How Andes, NY banned fracking

 

STANLEY FISH  179 Comments

Following are two articles on how the little Catskills town of Andes, NY passed a ban on Hydraulic Fracturing.  Both articles by Stanley Fish appeared in the Times Opinionator.

Stanley Fish 197 Comments

Looking for Gas in All the Wrong Places

By STANLEY FISH

 

Stanley Fish

Stanley Fish on education, law and society.

 

It was a big week in Andes, N.Y. Last Thursday, the New York Post devoted a full page to the small Catskill village, describing in some detail the Andes Hotel, the surrounding “rolling corn and hay fields,” the affordable housing, the Hunting Tavern Museum, the country store, the coffee shop, the tea shop, the farmer’s market, the art galleries and antique stores, the occasional celebrity resident, the extraordinary natural beauty — everything that led the Post, in an earlier article about great day-trip destinations, to dub Andes Woodstock-as-it-used-to-be.

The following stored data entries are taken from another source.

context
  fixes A1 A2 :: "complex^4^3" and c1 c2 :: "complex^4"
  assumes rank: "rank A1 = 3" "rank A2 = 3" and centers: "A1 *v c1 = 0" "A2 *v c2 = 0"
    and distinct_centers: "c2 \<noteq> 0" "\<forall>k. c1 \<noteq> k *s c2"
begin

lemma qM_kernel_subset_mspan1:
  assumes "\<And>p. qM A1 A2 M p = 0" and "\<And>p. qM A1 A2 F p = 0" and "F \<noteq> 0"
  shows "M \<in> mspan1 F"
proof -
  obtain P B1 B2 where B: "invertible B1" "invertible B2"
    and normal: "\<And>M x. qM A1 A2 M (P *v x) = std_form (transpose B2 ** M ** B1) x"
    using qM_normal_form[OF rank centers distinct_centers] by metis
  let ?C = "\<lambda>X. transpose B2 ** X ** B1"
  have "?C F \<noteq> 0"
    using congruence_cancel[OF B, of F 0] assms(3) by auto
  then have "?C M \<in> mspan1 (?C F)"
    using std_form_kernel_mspan1 normal assms(1,2) by metis
  then obtain a where "?C M = ?C (\<chi> i j. a * F$i$j)"
    unfolding mspan1_def by (auto simp: matrix_mult_scaled_middle)
  then have "M = (\<chi> i j. a * F$i$j)" by (rule congruence_cancel[OF B])
  then show ?thesis unfolding mspan1_def by blast
qed

lemma quadric_through_centers_eq_qM:
  assumes "is_quadric q" and "q c1 = 0" and "q c2 = 0"
  shows "\<exists>M. \<forall>p. q p = qM A1 A2 M p"
proof -
  obtain P B1 B2 where B: "invertible B1" "invertible B2" and P: "invertible P"
    and columns: "column 1 P = c1" "column 2 P = c2"
    and normal: "\<And>M x. qM A1 A2 M (P *v x) = std_form (transpose B2 ** M ** B1) x"
    using qM_normal_form[OF rank centers distinct_centers] by metis
  obtain S where S: "\<And>p. q p = quad_form S p" using assms(1) unfolding is_quadric_def by blast
  define S' where "S' = transpose P ** S ** P"
  have S': "quad_form S' x = q (P *v x)" for x
    unfolding S'_def S quad_form_matrix_vector_mult ..
  have "S'$1$1 = 0" "S'$2$2 = 0"
    using S'[of "axis 1 1"] S'[of "axis 2 1"] assms(2,3) columns
    by (simp_all add: quad_form_axis matrix_vector_mult_axis)
  then obtain N where N: "\<And>x. std_form N x = quad_form S' x" using std_form_onto by blast
  obtain M where M: "transpose B2 ** M ** B1 = N" using congruence_surj[OF B] by blast
  obtain P' where P': "P ** P' = mat 1" using P invertible_def by blast
  have "q p = qM A1 A2 M p" for p
  proof -
    have "q p = q (P *v (P' *v p))" by (simp add: matrix_vector_mul_assoc P')
    also have "\<dots> = qM A1 A2 M (P *v (P' *v p))" by (simp add: normal M N S')
    finally show ?thesis by (simp add: matrix_vector_mul_assoc P')
  qed
  then show ?thesis by blast
qed

end

theorem mainTheorem11:
  fixes A1 A2 :: "complex^4^3" and c1 c2 :: "complex^4" and F :: "complex^3^3"
  assumes rk1: "rank A1 = 3" and rk2: "rank A2 = 3"
    and c1: "c1 \<noteq> 0" "A1 *v c1 = 0"
    and c2: "c2 \<noteq> 0" "A2 *v c2 = 0"
    and c12: "\<forall>k::complex. c1 \<noteq> k *s c2"
    and rkF: "rank F = 2"
    and fund: "\<forall>p. bil (A2 *v p) F (A1 *v p) = 0"
  shows
    "(\<forall>L. line_through F L \<longrightarrow>
        (\<forall>M\<in>L - mspan1 F. is_quadric (qM A1 A2 M) \<and> qM A1 A2 M c1 = 0 \<and> qM A1 A2 M c2 = 0) \<and>
        (\<forall>M\<in>L - mspan1 F. \<forall>M'\<in>L - mspan1 F. same_quadric (qM A1 A2 M) (qM A1 A2 M'))) \<and>
     (\<forall>L L' M M'. line_through F L \<and> line_through F L' \<and> M \<in> L - mspan1 F \<and> M' \<in> L' - mspan1 F \<and>
        same_quadric (qM A1 A2 M) (qM A1 A2 M') \<longrightarrow> L = L') \<and>
     (\<forall>q. is_quadric q \<and> q c1 = 0 \<and> q c2 = 0 \<longrightarrow>
        (\<exists>L. line_through F L \<and> (\<exists>M\<in>L - mspan1 F. same_quadric q (qM A1 A2 M))))"
proof -
  \<comment> \<open>c1 \<noteq> 0 follows from c12, and rank F = 2 is only needed for F \<noteq> 0\<close>
  note setting = rk1 rk2 c1(2) c2(2) c2(1) c12
  have "F \<noteq> 0" using rkF by (auto simp: rank_zero)
  interpret kernel_line_map "qM A1 A2" F
  proof
    show "qM A1 A2 F p = 0" for p using fund by (simp add: qM_def)
    show "M \<in> mspan1 F" if "\<And>p. qM A1 A2 M p = 0" for M
      using qM_kernel_subset_mspan1[OF setting that] fund \<open>F \<noteq> 0\<close> by (simp add: qM_def)
  qed (rule qM_mlin)
  have quadric: "is_quadric (qM A1 A2 M)" if "M \<notin> mspan1 F" for M
    unfolding is_quadric_def using qM_eq_quad_form \<Phi>_nonzero[OF that] by blast
  have vanish: "qM A1 A2 M c1 = 0" "qM A1 A2 M c2 = 0" for M
    by (simp_all add: qM_def bil_def c1(2) c2(2))
  show ?thesis
  proof (intro conjI allI impI ballI)
    show "same_quadric (qM A1 A2 M) (qM A1 A2 M')"
      if "line_through F L" "M \<in> L - mspan1 F" "M' \<in> L - mspan1 F" for L M M'
      using same_quadric_on_line that by blast
    show "L = L'" if "line_through F L \<and> line_through F L' \<and> M \<in> L - mspan1 F \<and>
        M' \<in> L' - mspan1 F \<and> same_quadric (qM A1 A2 M) (qM A1 A2 M')" for L L' M M'
      using line_eq_if_same_quadric that by blast
    show "\<exists>L. line_through F L \<and> (\<exists>M\<in>L - mspan1 F. same_quadric q (qM A1 A2 M))"
      if "is_quadric q \<and> q c1 = 0 \<and> q c2 = 0" for q
      using quadric_through_centers_eq_qM[OF setting] exists_line_through_with_quadric that unfolding is_quadric_def by meson
  qed (use quadric vanish in auto)
qed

And then, the very next evening, there was another event that provided an ironic counterpoint to that summer valentine. One hundred sixty Andeans, including the town supervisor, members of the town board and candidates running for a seat on the board, met in the school gym to hear a presentation on the geology of hydraulic fracturing, or “fracking” (the process of extracting natural gas by blasting underground rock formations with a huge volume of chemical-laced water pumped down at very high levels of pressure) and to express their views about what fracking would mean if it came to the town.

The first thing to say is that 160 is an enormous number given that the town’s population is 1,600 and residents weren’t given much notice of the meeting. Were a corresponding percentage of New Yorkers to turn up at a public hearing, there would be no place large enough to hold the more than 800,000 attendees. The second thing to say is that many stayed for the entire three hours and 40 minutes, the length of a short Wagner opera.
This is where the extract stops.